## Task inputs:
—————
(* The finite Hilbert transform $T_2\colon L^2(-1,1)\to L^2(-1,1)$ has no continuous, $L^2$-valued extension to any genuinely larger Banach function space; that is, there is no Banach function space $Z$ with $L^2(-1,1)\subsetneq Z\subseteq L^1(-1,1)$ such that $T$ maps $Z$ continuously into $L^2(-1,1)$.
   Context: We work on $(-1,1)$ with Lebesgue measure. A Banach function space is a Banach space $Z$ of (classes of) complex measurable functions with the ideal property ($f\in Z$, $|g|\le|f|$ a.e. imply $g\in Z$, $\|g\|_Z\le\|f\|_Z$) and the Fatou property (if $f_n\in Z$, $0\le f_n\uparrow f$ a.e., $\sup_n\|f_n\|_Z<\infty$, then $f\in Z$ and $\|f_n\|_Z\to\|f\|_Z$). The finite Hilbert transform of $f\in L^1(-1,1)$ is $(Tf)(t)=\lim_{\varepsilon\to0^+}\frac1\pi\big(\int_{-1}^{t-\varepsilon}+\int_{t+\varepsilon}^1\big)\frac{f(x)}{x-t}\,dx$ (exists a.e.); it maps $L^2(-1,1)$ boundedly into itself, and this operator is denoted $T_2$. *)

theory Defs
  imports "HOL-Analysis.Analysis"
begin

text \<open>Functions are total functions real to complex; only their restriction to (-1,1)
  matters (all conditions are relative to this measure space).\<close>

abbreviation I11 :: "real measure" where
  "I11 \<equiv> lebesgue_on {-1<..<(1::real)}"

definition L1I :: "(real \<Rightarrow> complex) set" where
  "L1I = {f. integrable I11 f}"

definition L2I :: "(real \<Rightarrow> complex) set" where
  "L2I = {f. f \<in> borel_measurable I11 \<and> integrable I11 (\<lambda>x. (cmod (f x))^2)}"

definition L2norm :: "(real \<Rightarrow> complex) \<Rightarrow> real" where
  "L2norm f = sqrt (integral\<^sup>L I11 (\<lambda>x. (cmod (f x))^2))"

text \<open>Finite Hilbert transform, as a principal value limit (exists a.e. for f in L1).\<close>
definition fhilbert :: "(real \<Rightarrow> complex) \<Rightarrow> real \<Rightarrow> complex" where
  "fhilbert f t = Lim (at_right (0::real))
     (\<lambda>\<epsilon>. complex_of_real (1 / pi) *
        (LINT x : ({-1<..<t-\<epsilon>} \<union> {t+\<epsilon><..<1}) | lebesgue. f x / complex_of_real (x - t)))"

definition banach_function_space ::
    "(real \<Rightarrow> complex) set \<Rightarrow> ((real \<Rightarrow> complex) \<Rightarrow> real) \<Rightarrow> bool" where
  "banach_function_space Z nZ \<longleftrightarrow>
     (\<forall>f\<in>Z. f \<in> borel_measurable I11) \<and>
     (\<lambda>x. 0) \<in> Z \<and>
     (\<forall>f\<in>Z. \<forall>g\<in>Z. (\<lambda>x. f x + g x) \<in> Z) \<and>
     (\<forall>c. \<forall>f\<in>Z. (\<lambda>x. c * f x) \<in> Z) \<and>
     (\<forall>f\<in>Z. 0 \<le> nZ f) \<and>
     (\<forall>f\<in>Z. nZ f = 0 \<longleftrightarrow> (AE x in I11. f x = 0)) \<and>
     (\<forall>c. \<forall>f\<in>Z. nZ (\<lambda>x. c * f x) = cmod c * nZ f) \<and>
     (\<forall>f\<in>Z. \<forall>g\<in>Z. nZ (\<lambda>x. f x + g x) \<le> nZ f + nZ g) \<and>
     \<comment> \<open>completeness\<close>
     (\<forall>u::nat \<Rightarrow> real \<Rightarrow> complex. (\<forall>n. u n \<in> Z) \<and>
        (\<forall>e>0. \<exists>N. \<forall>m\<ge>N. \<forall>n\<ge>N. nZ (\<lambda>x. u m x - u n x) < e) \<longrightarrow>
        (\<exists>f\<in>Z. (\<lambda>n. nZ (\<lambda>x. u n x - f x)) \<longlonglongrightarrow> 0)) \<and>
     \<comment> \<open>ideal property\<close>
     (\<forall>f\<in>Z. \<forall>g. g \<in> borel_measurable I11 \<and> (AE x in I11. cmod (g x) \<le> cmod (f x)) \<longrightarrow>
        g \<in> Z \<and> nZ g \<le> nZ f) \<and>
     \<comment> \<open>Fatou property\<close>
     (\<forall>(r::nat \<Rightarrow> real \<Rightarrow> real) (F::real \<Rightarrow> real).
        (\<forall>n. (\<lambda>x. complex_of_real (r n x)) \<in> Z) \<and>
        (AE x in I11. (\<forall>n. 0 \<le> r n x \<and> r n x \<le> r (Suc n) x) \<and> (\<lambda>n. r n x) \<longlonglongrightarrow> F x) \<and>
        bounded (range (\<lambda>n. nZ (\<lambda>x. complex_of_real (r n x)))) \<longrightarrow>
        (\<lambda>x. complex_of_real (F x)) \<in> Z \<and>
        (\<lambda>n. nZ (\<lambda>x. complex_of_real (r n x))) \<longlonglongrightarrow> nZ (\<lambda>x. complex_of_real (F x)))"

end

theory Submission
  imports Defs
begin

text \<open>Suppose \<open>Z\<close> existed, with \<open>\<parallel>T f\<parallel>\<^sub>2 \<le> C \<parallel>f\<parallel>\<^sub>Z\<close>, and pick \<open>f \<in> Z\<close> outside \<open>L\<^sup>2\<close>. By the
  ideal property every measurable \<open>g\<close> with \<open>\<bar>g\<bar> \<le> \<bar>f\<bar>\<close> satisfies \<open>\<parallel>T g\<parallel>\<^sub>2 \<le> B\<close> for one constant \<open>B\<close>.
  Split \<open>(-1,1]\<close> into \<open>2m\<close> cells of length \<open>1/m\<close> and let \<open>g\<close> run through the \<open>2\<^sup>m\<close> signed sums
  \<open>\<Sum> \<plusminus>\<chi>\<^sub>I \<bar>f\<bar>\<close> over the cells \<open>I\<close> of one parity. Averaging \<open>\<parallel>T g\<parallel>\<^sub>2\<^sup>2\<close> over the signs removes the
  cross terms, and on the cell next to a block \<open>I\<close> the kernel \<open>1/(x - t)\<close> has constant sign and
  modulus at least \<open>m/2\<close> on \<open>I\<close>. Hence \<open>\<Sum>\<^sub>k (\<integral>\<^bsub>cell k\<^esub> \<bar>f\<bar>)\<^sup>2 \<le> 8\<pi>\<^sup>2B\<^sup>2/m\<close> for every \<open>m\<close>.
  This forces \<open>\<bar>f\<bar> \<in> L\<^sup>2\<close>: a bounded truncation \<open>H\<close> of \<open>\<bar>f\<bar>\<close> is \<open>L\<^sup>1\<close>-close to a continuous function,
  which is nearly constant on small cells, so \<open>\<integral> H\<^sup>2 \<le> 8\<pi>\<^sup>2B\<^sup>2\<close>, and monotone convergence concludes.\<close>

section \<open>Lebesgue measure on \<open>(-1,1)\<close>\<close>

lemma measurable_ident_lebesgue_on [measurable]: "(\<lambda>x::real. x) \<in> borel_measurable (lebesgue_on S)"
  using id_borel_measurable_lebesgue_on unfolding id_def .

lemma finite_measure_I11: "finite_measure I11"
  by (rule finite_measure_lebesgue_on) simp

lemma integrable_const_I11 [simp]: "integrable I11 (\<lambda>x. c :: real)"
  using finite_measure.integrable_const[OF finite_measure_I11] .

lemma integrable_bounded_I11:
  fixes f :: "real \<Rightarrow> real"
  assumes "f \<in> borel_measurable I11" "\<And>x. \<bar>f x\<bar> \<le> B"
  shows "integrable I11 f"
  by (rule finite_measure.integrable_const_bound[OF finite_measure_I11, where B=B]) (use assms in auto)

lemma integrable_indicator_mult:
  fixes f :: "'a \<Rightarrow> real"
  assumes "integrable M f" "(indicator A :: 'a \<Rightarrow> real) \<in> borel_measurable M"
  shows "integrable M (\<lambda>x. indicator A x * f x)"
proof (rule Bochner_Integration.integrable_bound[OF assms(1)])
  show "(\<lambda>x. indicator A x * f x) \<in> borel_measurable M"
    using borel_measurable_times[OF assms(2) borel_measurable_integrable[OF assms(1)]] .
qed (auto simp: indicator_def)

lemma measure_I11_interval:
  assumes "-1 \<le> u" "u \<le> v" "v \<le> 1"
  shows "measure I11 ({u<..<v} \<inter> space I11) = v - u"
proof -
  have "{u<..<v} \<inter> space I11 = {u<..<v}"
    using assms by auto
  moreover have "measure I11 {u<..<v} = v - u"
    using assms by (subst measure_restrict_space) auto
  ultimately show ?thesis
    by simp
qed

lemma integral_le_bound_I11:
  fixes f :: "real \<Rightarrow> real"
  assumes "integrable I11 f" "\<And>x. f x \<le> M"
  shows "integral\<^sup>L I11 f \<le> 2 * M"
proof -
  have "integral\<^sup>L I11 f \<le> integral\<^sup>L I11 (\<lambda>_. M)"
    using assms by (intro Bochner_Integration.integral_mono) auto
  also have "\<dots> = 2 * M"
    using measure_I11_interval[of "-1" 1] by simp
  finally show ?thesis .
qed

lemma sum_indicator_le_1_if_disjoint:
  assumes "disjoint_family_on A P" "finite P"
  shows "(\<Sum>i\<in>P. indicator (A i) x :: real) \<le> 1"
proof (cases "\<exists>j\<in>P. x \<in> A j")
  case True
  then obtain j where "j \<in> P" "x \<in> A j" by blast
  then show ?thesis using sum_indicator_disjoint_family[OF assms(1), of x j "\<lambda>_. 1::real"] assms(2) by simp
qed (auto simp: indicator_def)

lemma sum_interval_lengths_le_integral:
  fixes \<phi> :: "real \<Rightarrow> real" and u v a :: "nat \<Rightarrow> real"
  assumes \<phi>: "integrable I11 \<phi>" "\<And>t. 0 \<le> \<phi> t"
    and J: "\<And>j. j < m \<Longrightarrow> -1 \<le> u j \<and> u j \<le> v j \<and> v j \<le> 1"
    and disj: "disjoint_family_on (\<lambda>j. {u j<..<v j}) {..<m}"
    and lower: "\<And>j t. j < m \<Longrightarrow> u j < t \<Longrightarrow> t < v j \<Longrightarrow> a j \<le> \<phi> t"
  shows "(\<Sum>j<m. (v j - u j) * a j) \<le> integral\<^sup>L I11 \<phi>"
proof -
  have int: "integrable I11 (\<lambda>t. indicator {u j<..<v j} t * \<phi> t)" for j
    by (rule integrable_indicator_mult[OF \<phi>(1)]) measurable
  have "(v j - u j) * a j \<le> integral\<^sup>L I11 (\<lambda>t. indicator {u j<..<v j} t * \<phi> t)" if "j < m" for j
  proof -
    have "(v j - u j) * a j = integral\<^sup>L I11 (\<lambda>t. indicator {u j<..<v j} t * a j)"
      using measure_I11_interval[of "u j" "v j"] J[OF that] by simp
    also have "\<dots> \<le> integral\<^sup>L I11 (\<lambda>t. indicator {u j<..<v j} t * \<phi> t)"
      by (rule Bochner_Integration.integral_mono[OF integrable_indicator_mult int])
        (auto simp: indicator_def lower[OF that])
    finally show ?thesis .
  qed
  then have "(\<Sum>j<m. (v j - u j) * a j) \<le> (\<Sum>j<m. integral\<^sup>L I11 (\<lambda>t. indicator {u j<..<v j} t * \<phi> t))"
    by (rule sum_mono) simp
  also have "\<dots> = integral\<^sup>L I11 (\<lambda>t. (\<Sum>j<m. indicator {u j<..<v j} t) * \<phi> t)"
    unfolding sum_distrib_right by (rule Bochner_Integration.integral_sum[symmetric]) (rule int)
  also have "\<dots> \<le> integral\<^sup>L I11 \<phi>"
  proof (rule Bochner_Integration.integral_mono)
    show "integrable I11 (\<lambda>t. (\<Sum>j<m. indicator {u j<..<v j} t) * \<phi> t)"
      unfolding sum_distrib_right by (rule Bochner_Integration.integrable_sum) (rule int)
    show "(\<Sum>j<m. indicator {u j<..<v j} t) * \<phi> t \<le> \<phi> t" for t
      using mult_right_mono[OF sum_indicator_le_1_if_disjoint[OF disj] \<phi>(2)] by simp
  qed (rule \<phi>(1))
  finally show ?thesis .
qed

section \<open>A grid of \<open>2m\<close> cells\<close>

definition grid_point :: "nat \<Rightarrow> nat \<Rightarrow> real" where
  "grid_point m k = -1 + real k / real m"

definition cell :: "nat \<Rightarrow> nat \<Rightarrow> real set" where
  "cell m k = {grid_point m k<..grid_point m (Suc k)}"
—————
## What is being asked:
Tell how many lines in the entries contain the string "lower". Give the number and nothing more.

## Solution to this exercise:
2